For many decades, going back at the very least to Paul Laurence Dunbar, Langston Hughes, and Sterling Brown, black poets highlighted black musicians in their works. During the 1960s and 1970s, the Black Arts era, poets became particularly interested in producing works on these cultural figures, composing works on Billie Holiday, Aretha Franklins, James Brown, several jazz musicians, and most notably John Coltrane. 

In her poetry chapbook, Little Girl Blue (2021), Sequoia Maner's Tupac and Prince poems extend the many works we've seen on black musicians. Her poem "Epistle" for and to Tupac reads as a letter with her communicating to the subject about where he came from and his movements across his career. "You are scattered like jazz across these states" and "You are the ring shout of a radical tradition," and later "You are the sound a ghost makes when it returns to a body." 

We're getting to look over the poet's subject as she communicates with Tupac. We're moving along with Tupac as he is reminded about his significance. Maner's practice of speaking directly to her subject of course took me back to Dunbar's Douglass, where he's talking directly to his subject. Who knew that Dunbar and now Maner could speak, through poems, to those whom we assumed were dead? 

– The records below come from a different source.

text \<open>As \<open>ad Y\<^sup>2 = -\<mu>\<^sup>2\<close> on \<open>V\<close>, the vector \<open>u = [Y, v] + \<mu> I v\<close> satisfies \<open>[Y, u] = \<mu> I u\<close>.
  So \<open>ad Y - c I\<close> has a nonzero kernel in \<open>V\<close> for \<open>c = \<mu>\<close> or \<open>c = -\<mu>\<close>, and by minimality
  this kernel is all of \<open>V\<close>.\<close>
lemma torus_acts_by_multiple_of_I:
  assumes V: "stable_subspace V" and minimal: "\<And>W. stable_subspace W \<Longrightarrow> W \<subseteq> V \<Longrightarrow> W = V"
    and Y: "Y \<in> t"
  shows "\<exists>c. \<forall>x\<in>V. lie_bracket Y x = c *\<^sub>R I x"
proof -
  have V_sub: "subspace V" and V_m: "V \<subseteq> m" and V_I: "\<And>x. x \<in> V \<Longrightarrow> I x \<in> V"
    and V_t: "\<And>Y x. Y \<in> t \<Longrightarrow> x \<in> V \<Longrightarrow> lie_bracket Y x \<in> V" and "V \<noteq> {0}"
    using V by (auto simp: stable_subspace_def)
  obtain l where "l \<le> 0" and sq: "\<And>x. x \<in> V \<Longrightarrow> lie_bracket Y (lie_bracket Y x) = l *\<^sub>R x"
    using ad_square_scalar_on_minimal[OF V minimal Y] by blast
  obtain v where v: "v \<in> V" "v \<noteq> 0" using \<open>V \<noteq> {0}\<close> V_sub subspace_0 by blast
  define \<mu> where "\<mu> = sqrt (- l)"
  have "\<exists>w c. w \<in> V \<and> w \<noteq> 0 \<and> lie_bracket Y w = c *\<^sub>R I w"
  proof (cases "lie_bracket Y v + \<mu> *\<^sub>R I v = 0")
    case True
    then have "lie_bracket Y v = (- \<mu>) *\<^sub>R I v" by (simp add: eq_neg_iff_add_eq_0)
    then show ?thesis using v by blast
  next
    case False
    let ?u = "lie_bracket Y v + \<mu> *\<^sub>R I v"
    have vm: "v \<in> m" "lie_bracket Y v \<in> m" "I v \<in> m"
      using v V_m m_bracket_closed[OF Y] endo_on_mem[OF endo_I] by auto
    have "lie_bracket Y ?u = l *\<^sub>R v + \<mu> *\<^sub>R I (lie_bracket Y v)"
      using sq[OF v(1)] commute_I[OF Y vm(1)]
      by (simp add: lie_bracket_add_right lie_bracket_scale_right)
    also have "\<dots> = \<mu> *\<^sub>R I ?u"
    proof -
      have "\<mu> * \<mu> = - l" using \<open>l \<le> 0\<close> by (simp add: \<mu>_def)
      moreover have "I ?u = I (lie_bracket Y v) - \<mu> *\<^sub>R v"
        using vm quaternion subspace_m
        by (simp add: endo_on_add[OF endo_I] endo_on_scale[OF endo_I] subspace_scale)
      ultimately show ?thesis by (simp add: scaleR_diff_right)
    qed
    finally have "lie_bracket Y ?u = \<mu> *\<^sub>R I ?u" .
    moreover have "?u \<in> V" using v V_sub V_t[OF Y] V_I by (simp add: subspace_add subspace_scale)
    ultimately show ?thesis using False by (intro exI[where x = ?u] exI[where x = \<mu>]) simp
  qed
  then obtain w c where w: "w \<in> V" "w \<noteq> 0" and wc: "lie_bracket Y w = c *\<^sub>R I w" by blast
  have I0: "I 0 = 0" using endo_on_scale[OF endo_I subspace_0[OF subspace_m], of 0] by simp
  define E where "E = {x \<in> V. lie_bracket Y x = c *\<^sub>R I x}"
  have "stable_subspace E"
    unfolding stable_subspace_def E_def using w wc V_sub V_m V_I V_t Y subspace_m I0
    by (auto simp: subspace_def lie_bracket_add_right lie_bracket_scale_right scaleR_add_right
        commute_I endo_on_add[OF endo_I] endo_on_scale[OF endo_I] torus_brackets_commute subset_iff)
  then show ?thesis using minimal[of E] by (auto simp: E_def)
qed
lemma algorithm1_separates:
  fixes \<delta> R \<gamma> :: real
  assumes "\<delta> > 0" and "R > 0" and "\<gamma> > 0"
    and "Xp \<union> Xm \<noteq> {}"
    and radius: "\<forall>x\<in>Xp \<union> Xm. dnorm d x \<le> R"
    and "delta_separated d \<delta> Xp Xm"
    and enum: "bij_betw xs {..<N} (Xp \<union> Xm)"
    and unit_rows: "\<forall>i<N. w i \<in> rvecs d \<and> dnorm d (w i) = 1"
    and neurons: "\<forall>i<N.
       if (\<exists>j. i < j \<and> j < N \<and> (xs j \<in> Xp \<longleftrightarrow> xs i \<notin> Xp))
       then dinner d (w i) (xs i) + b i \<ge> \<gamma> \<and>
            (\<forall>j. i < j \<and> j < N \<and> (xs j \<in> Xp \<longleftrightarrow> xs i \<notin> Xp) \<longrightarrow>
                 dinner d (w i) (xs j) + b i \<le> - \<gamma>)
       else dinner d (w i) (xs i) + b i \<ge> \<gamma> \<and>
            (\<exists>x\<in>rvecs d. dnorm d x \<le> R \<and> dinner d (w i) x + b i \<le> 0)"
  shows "lin_sep_margin N (relu_map d N w b ` Xp) (relu_map d N w b ` Xm)
          (sqrt (real N) * margin_M R \<gamma> N)"
proof -
  have disjoint: "Xp \<inter> Xm = {}"
    by (rule delta_separated_disjoint[OF assms(6,1)])
  have cover: "xs ` {..<N} = Xp \<union> Xm"
    using enum by (rule bij_betw_imp_surj_on)
  have "N > 0"
    using enum \<open>Xp \<union> Xm \<noteq> {}\<close> unfolding bij_betw_def by auto
  have xs_radius: "dnorm d (xs j) \<le> R" if "j < N" for j
    using radius enum that by (auto dest: bij_betw_apply)
  have unit: "dnorm d (w i) = 1" if "i < N" for i
    using unit_rows that by blast
  have fires: "\<gamma> \<le> dinner d (w i) (xs i) + b i" if "i < N" for i
    using neurons[rule_format, OF that] by (simp split: if_split_asm)
  have cuts: "dinner d (w i) (xs j) + b i \<le> - \<gamma>"
    if "i < j" and "j < N" and "(xs i \<in> Xp) \<noteq> (xs j \<in> Xp)" for i j
  proof -
    have "i < N" and "\<exists>j. i < j \<and> j < N \<and> (xs j \<in> Xp \<longleftrightarrow> xs i \<notin> Xp)"
      using that by auto
    then have "\<forall>j. i < j \<and> j < N \<and> (xs j \<in> Xp \<longleftrightarrow> xs i \<notin> Xp) \<longrightarrow>
        dinner d (w i) (xs j) + b i \<le> - \<gamma>"
      using neurons by simp
    then show ?thesis
      using that by blast
  qed
  have bias: "b i \<le> R" if "i < N" for i
  proof (cases "\<exists>j. i < j \<and> j < N \<and> (xs j \<in> Xp \<longleftrightarrow> xs i \<notin> Xp)")
    case True
    then obtain j where "i < j" "j < N" "(xs i \<in> Xp) \<noteq> (xs j \<in> Xp)"
      by blast
    then have "dinner d (w i) (xs j) + b i \<le> 0"
      using cuts \<open>\<gamma> > 0\<close> by fastforce
    then show ?thesis
      using bias_le_of_nonpos_point unit[OF that] xs_radius[OF \<open>j < N\<close>] by blast
  next
    case False
    then have "\<exists>x\<in>rvecs d. dnorm d x \<le> R \<and> dinner d (w i) x + b i \<le> 0"
      using neurons that by simp
    then show ?thesis
      using bias_le_of_nonpos_point unit[OF that] by blast
  qed
  have "lin_sep_margin N
     ((\<lambda>j. relu_map d N w b (xs j)) ` {j \<in> {..<N}. xs j \<in> Xp})
     ((\<lambda>j. relu_map d N w b (xs j)) ` {j \<in> {..<N}. xs j \<notin> Xp})
     (sqrt (real N) * margin_M R \<gamma> N)"
    using assms(2,3) \<open>N > 0\<close> xs_radius unit bias fires cuts by (rule relu_features_separable)
  then show ?thesis
    unfolding image_partition_reindex[OF cover disjoint] .
qed

text \<open>The separation holds for every \<open>\<gamma> > 0\<close>: the upper bound on \<open>\<gamma>\<close> (through \<open>k\<close>
and \<open>C\<close>), \<open>d \<ge> 2\<close> and the ordering by norm only matter for the existence of such neurons,
so \<open>C = 1\<close> will do.\<close>

theorem theorem2p3:
  fixes \<delta> R :: real
  assumes "\<delta> > 0" and "R > 0"
  shows "\<exists>C>0. \<forall>(d::nat) Xp Xm (N::nat) xs k \<gamma> w b.
    d \<ge> 2 \<and>
    finite Xp \<and> finite Xm \<and> Xp \<union> Xm \<noteq> {} \<and>
    Xp \<subseteq> rvecs d \<and> Xm \<subseteq> rvecs d \<and>
    (\<forall>x\<in>Xp \<union> Xm. dnorm d x \<le> R) \<and>
    delta_separated d \<delta> Xp Xm \<and>
    N = card Xp + card Xm \<and>
    bij_betw xs {..<N} (Xp \<union> Xm) \<and>
    (\<forall>i j. i < j \<and> j < N \<longrightarrow> dnorm d (xs j) \<le> dnorm d (xs i)) \<and>
    k = C * (32 * R / \<delta>\<^sup>2)\<^sup>2 *
          ((gaussian_width d (set_diff_vec Xp Xm \<union> Xp \<union> Xm))\<^sup>2 + R\<^sup>2) \<and>
    0 < \<gamma> \<and> \<gamma> \<le> max (\<delta>\<^sup>2 / (8 * R * real d)) (\<delta>\<^sup>2 / (18 * R * sqrt k)) \<and>
    (\<forall>i<N. w i \<in> rvecs d \<and> dnorm d (w i) = 1) \<and>
    (\<forall>i<N.
       if (\<exists>j. i < j \<and> j < N \<and> (xs j \<in> Xp \<longleftrightarrow> xs i \<notin> Xp))
       then dinner d (w i) (xs i) + b i \<ge> \<gamma> \<and>
            (\<forall>j. i < j \<and> j < N \<and> (xs j \<in> Xp \<longleftrightarrow> xs i \<notin> Xp) \<longrightarrow>
                 dinner d (w i) (xs j) + b i \<le> - \<gamma>)
       else dinner d (w i) (xs i) + b i \<ge> \<gamma> \<and>
            (\<exists>x\<in>rvecs d. dnorm d x \<le> R \<and> dinner d (w i) x + b i \<le> 0))
    \<longrightarrow> lin_sep_margin N (relu_map d N w b ` Xp) (relu_map d N w b ` Xm)
          (sqrt (real N) * margin_M R \<gamma> N)"
  by (intro exI[of _ "1::real"] conjI allI impI)
    (simp, elim conjE, rule algorithm1_separates[OF assms], assumption+)

end
(* Let $H\in(0,1)$, $\alpha\in(0,1]$, $d\ge1$ an integer, $T>0$, and let $I\subset(0,T]$ and $J\subset[0,2\pi)$ be two fixed non-trivial compact intervals. Let $\mathbf{\Delta}((t,x);(s,y)):=|x-y|^{2\alpha}+|t-s|^{\alpha\wedge(2H)}$. Then for all $N>0$ there exists a finite positive constant $C=C(I,J,N)$ such that for all $a\in[0,N]$, $$\int_Idt\int_Ids\int_Jdx\int_Jdy\ \frac{e^{-a^2/\mathbf{\Delta}((t,x);(s,y))}}{\mathbf{\Delta}((t,x);(s,y))^{d/2}}\le C\,\mathrm{K}_{d-(\frac1\alpha+\frac{2}{\alpha\wedge(2H)})}(a).$$
   Context: For $\gamma\in\mathbb{R}$ and $r>0$, $\mathrm{K}_\gamma(r)=r^{-\gamma}$ if $\gamma>0$, $\mathrm{K}_\gamma(r)=\log(N_0/r)$ if $\gamma=0$, and $\mathrm{K}_\gamma(r)=1$ if $\gamma<0$, where $N_0$ is a constant taken sufficiently large. *)

theory Defs
  imports "HOL-Analysis.Analysis"
begin

text \<open>The kernel K_gamma(r) with the large constant N0, valued in [0,infinity];
  K_gamma(0) = infinity when gamma \<ge> 0 (r^(-gamma) resp. log(N0/r) blow up at 0).\<close>
definition Kker :: "real \<Rightarrow> real \<Rightarrow> real \<Rightarrow> ennreal" where
  "Kker N0 \<gamma> r =
     (if \<gamma> > 0 then (if r = 0 then \<infinity> else ennreal (r powr (-\<gamma>)))
      else if \<gamma> = 0 then (if r = 0 then \<infinity> else ennreal (ln (N0 / r)))
      else 1)"

definition Delta :: "real \<Rightarrow> real \<Rightarrow> real \<Rightarrow> real \<Rightarrow> real \<Rightarrow> real \<Rightarrow> real" where
  "Delta H \<alpha> t x s y = \<bar>x - y\<bar> powr (2 * \<alpha>) + \<bar>t - s\<bar> powr (min \<alpha> (2 * H))"

end

theory Submission
  imports Defs
begin

text \<open>
  Put \<open>u = |x - y|\<close>, \<open>v = |t - s|\<close>, \<open>\<beta> = min \<alpha> (2H)\<close>, \<open>p = d/2\<close> and
  \<open>D = u^(2\<alpha>) + v^\<beta>\<close>. Since \<open>e^(-z) (1 + z)^p \<le> d^d\<close>, the integrand is at most
  \<open>d^d (a\<^sup>2 + D)^(-p)\<close>; it depends on the differences only, and integrating a function of
  \<open>x - y\<close> over a square of side \<open>L\<close> costs at most a factor \<open>2L\<close>. So everything reduces to
  \<open>\<integral>\<^sub>0\<^sup>V \<integral>\<^sub>0\<^sup>L (a\<^sup>2 + u^(2\<alpha>) + v^\<beta>)^(-p) du dv\<close>.
  Splitting \<open>\<integral> (c + u^\<kappa>)^(-r) du\<close> at \<open>u = c^(1/\<kappa>)\<close> gives \<open>O(c^(1/\<kappa> - r))\<close> if
  \<open>\<kappa> r > 1\<close> and \<open>O(1 + log\<^sup>+ (L / c^(1/\<kappa>)))\<close> if \<open>\<kappa> r = 1\<close>. Applied first in \<open>u\<close>
  (with \<open>c = a\<^sup>2 + v^\<beta>\<close>) and then in \<open>v\<close> (with \<open>c = a\<^sup>2\<close>) this yields \<open>a^(-\<gamma>)\<close> for
  \<open>\<gamma> = d - (1/\<alpha> + 2/\<beta>) > 0\<close> and \<open>|log a|\<close> for \<open>\<gamma> = 0\<close>. For \<open>\<gamma> < 0\<close> one interpolates
  \<open>D \<ge> u^(2\<alpha>)\<close> and \<open>D \<ge> v^\<beta>\<close> to get the integrable bound \<open>u^(-e) v^(-e)\<close>, \<open>e < 1\<close>,
  uniformly in \<open>a\<close>.
\<close>

lemma exp_neg_mult_one_plus_powr_le:
  fixes z p :: real and n :: nat
  assumes "0 \<le> z" "p \<le> real n" "1 \<le> n"
  shows "exp (-z) * (1 + z) powr p \<le> real n ^ n"
proof -
  have "(1 + z) powr p \<le> (1 + z) powr real n"
    using assms by (intro powr_mono) auto
  also have "\<dots> = (1 + z) ^ n"
    using assms by (simp add: powr_realpow)
  also have "\<dots> \<le> (real n * (1 + z / real n)) ^ n"
    using assms by (intro power_mono) (auto simp: field_simps)
  also have "\<dots> \<le> real n ^ n * exp (z / real n) ^ n"
    unfolding power_mult_distrib using assms
    by (intro mult_left_mono power_mono exp_ge_add_one_self) auto
  also have "exp (z / real n) ^ n = exp z"
    using assms by (simp flip: exp_of_nat_mult)
  finally have "(1 + z) powr p \<le> real n ^ n * exp z" .
  then have "exp (-z) * (1 + z) powr p \<le> exp (-z) * (real n ^ n * exp z)"
    by (intro mult_left_mono) auto
  then show ?thesis
    by (simp add: exp_minus field_simps)
qed

lemma exp_neg_div_powr_le:
  fixes b D p :: real and n :: nat
  assumes "0 \<le> b" "0 \<le> D" "p \<le> real n" "1 \<le> n"
  shows "exp (- b / D) / D powr p \<le> real n ^ n * (b + D) powr (-p)"
  \<comment> \<open>For \<open>D = 0\<close> the left-hand side is \<open>0\<close>, as \<open>0 powr p = 0\<close> and \<open>x / 0 = 0\<close>.\<close>
proof (cases "D = 0")
  case False
  define z where "z = b / D"
  have "0 < D" "0 \<le> z"
    using False assms by (auto simp: z_def)
  then have "b + D = D * (1 + z)"
    by (simp add: z_def field_simps)
  then have "(b + D) powr (-p) = D powr (-p) * (1 + z) powr (-p)"
    using \<open>0 < D\<close> \<open>0 \<le> z\<close> by (simp add: powr_mult)
  then have "exp (- b / D) / D powr p
      = exp (-z) * (1 + z) powr p * (b + D) powr (-p)"
    using \<open>0 \<le> z\<close> by (simp add: z_def powr_minus field_simps)
  also have "\<dots> \<le> real n ^ n * (b + D) powr (-p)"
    using \<open>0 \<le> z\<close> assms
    by (intro mult_right_mono exp_neg_mult_one_plus_powr_le) auto
  finally show ?thesis .
qed simp

lemma add_powr_neg_le_split:
  fixes c \<kappa> r u :: real
  assumes "0 < c" "0 < \<kappa>" "0 \<le> r" "0 \<le> u"
  shows "(c + u powr \<kappa>) powr (-r) \<le> (if u \<le> c powr (1 / \<kappa>) then c powr (-r) else u powr (-(\<kappa> * r)))"
proof (cases "u \<le> c powr (1 / \<kappa>)")
  case False
  then have "0 < u"
    using assms by (smt (verit) powr_gt_zero)
  then have "(c + u powr \<kappa>) powr (-r) \<le> (u powr \<kappa>) powr (-r)"
    using assms by (intro powr_mono2') auto
  with False show ?thesis
    by (simp add: powr_powr)
qed (use assms in \<open>auto intro: powr_mono2'\<close>)

lemma add_powr_neg_le_mult_powr:
  fixes b x y \<theta> p :: real
  assumes "0 \<le> b" "0 < x" "0 < y" "0 \<le> \<theta>" "\<theta> \<le> 1" "0 \<le> p"
  shows "(b + x + y) powr (-p) \<le> x powr (-(\<theta> * p)) * y powr (-((1 - \<theta>) * p))"
proof -
  have "(b + x + y) powr (-p) = (b + x + y) powr (-(\<theta> * p)) * (b + x + y) powr (-((1 - \<theta>) * p))"
    by (simp add: algebra_simps flip: powr_add)
  also have "\<dots> \<le> x powr (-(\<theta> * p)) * y powr (-((1 - \<theta>) * p))"
    using assms by (intro mult_mono powr_mono2') auto
  finally show ?thesis .
qed

lemma set_nn_integral_ennreal:
  "(\<integral>\<^sup>+u\<in>A. ennreal (f u) \<partial>M) = (\<integral>\<^sup>+u. ennreal (indicator A u * f u) \<partial>M)"
  by (auto intro!: nn_integral_cong split: split_indicator)

lemma set_nn_integral_cmult:
  fixes f :: "'a \<Rightarrow> ennreal"
  assumes "f \<in> borel_measurable M" "A \<in> sets M"
  shows "(\<integral>\<^sup>+u\<in>A. c * f u \<partial>M) = c * (\<integral>\<^sup>+u\<in>A. f u \<partial>M)"
  unfolding mult.assoc using assms by (intro nn_integral_cmult) auto

lemma nn_integral_ennreal_cmult:
  fixes f :: "real \<Rightarrow> real"
  assumes "0 \<le> c" "f \<in> borel_measurable borel" "A \<in> sets borel"
  shows "(\<integral>\<^sup>+u\<in>A. ennreal (c * f u) \<partial>lborel) = ennreal c * (\<integral>\<^sup>+u\<in>A. ennreal (f u) \<partial>lborel)"
  using assms by (simp add: ennreal_mult' set_nn_integral_cmult)

lemma nn_integral_Icc0_mono_pos:
  fixes f g :: "real \<Rightarrow> ennreal"
  assumes "\<And>u. 0 < u \<Longrightarrow> u \<le> L \<Longrightarrow> f u \<le> g u"
  shows "(\<integral>\<^sup>+u\<in>{0..L}. f u \<partial>lborel) \<le> (\<integral>\<^sup>+u\<in>{0..L}. g u \<partial>lborel)"
  using AE_lborel_singleton[of 0]
  by (intro nn_integral_mono_AE) (auto elim!: eventually_mono split: split_indicator simp: assms)

lemma nn_integral_powr_Icc0:
  fixes e L :: real
  assumes "0 \<le> e" "e < 1" "0 \<le> L"
  shows "(\<integral>\<^sup>+u\<in>{0..L}. ennreal (u powr (-e)) \<partial>lborel) = ennreal (L powr (1 - e) / (1 - e))"
proof -
  have "((\<lambda>u. u powr (-e)) has_integral (L powr (-e + 1) / (-e + 1))) {0..L}"
    using assms by (intro has_integral_powr_from_0) auto
  from nn_integral_has_integral_lebesgue[OF _ this] show ?thesis
    by (simp add: set_nn_integral_ennreal add.commute)
qed

lemma nn_integral_powr_Ici:
  fixes e w :: real
  assumes "1 < e" "0 < w"
  shows "(\<integral>\<^sup>+u\<in>{w..}. ennreal (u powr (-e)) \<partial>lborel) = ennreal (w powr (1 - e) / (e - 1))"
proof -
  have "-(w powr (-e + 1)) / (-e + 1) = w powr (1 - e) / (e - 1)"
    using assms by (simp add: field_simps)
  moreover have "((\<lambda>u. u powr (-e)) has_integral -(w powr (-e + 1)) / (-e + 1)) {w..}"
    using assms by (intro has_integral_powr_to_inf) auto
  ultimately have "((\<lambda>u. u powr (-e)) has_integral w powr (1 - e) / (e - 1)) {w..}"
    by simp
  from nn_integral_has_integral_lebesgue[OF _ this] show ?thesis
    unfolding set_nn_integral_ennreal by simp
qed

And listen, Maner keeps going. Part one of her Tupac epistolary poem looks somewhat like a conventional poem with short lines and phrasings. Part two appears more like a conventional letter, and then Part three, "a resurrection recipe" appears as a list of ingredients. Look, this ain't your everyday elegy, is it? 

And then still, her "The Day Prince Died" poem does something else. Here, the poet discusses the many actions and changes someone went through when Prince passed away. Maner writes, "the day Prince died she devolved n2 muteness" and on that day, she "wander-wondered / danced profusely" later still "she married a man / she married a woman / she was always alone." 

I really valued how this poem got me thinking about tributes and elegies in a way that I had not really considered enough. What happens to an individual person when a major musician dies? What changes are prompted when we lose public figures? What movements do we do, and what interactions do we end up having? Maner's poems had me wander-wondering.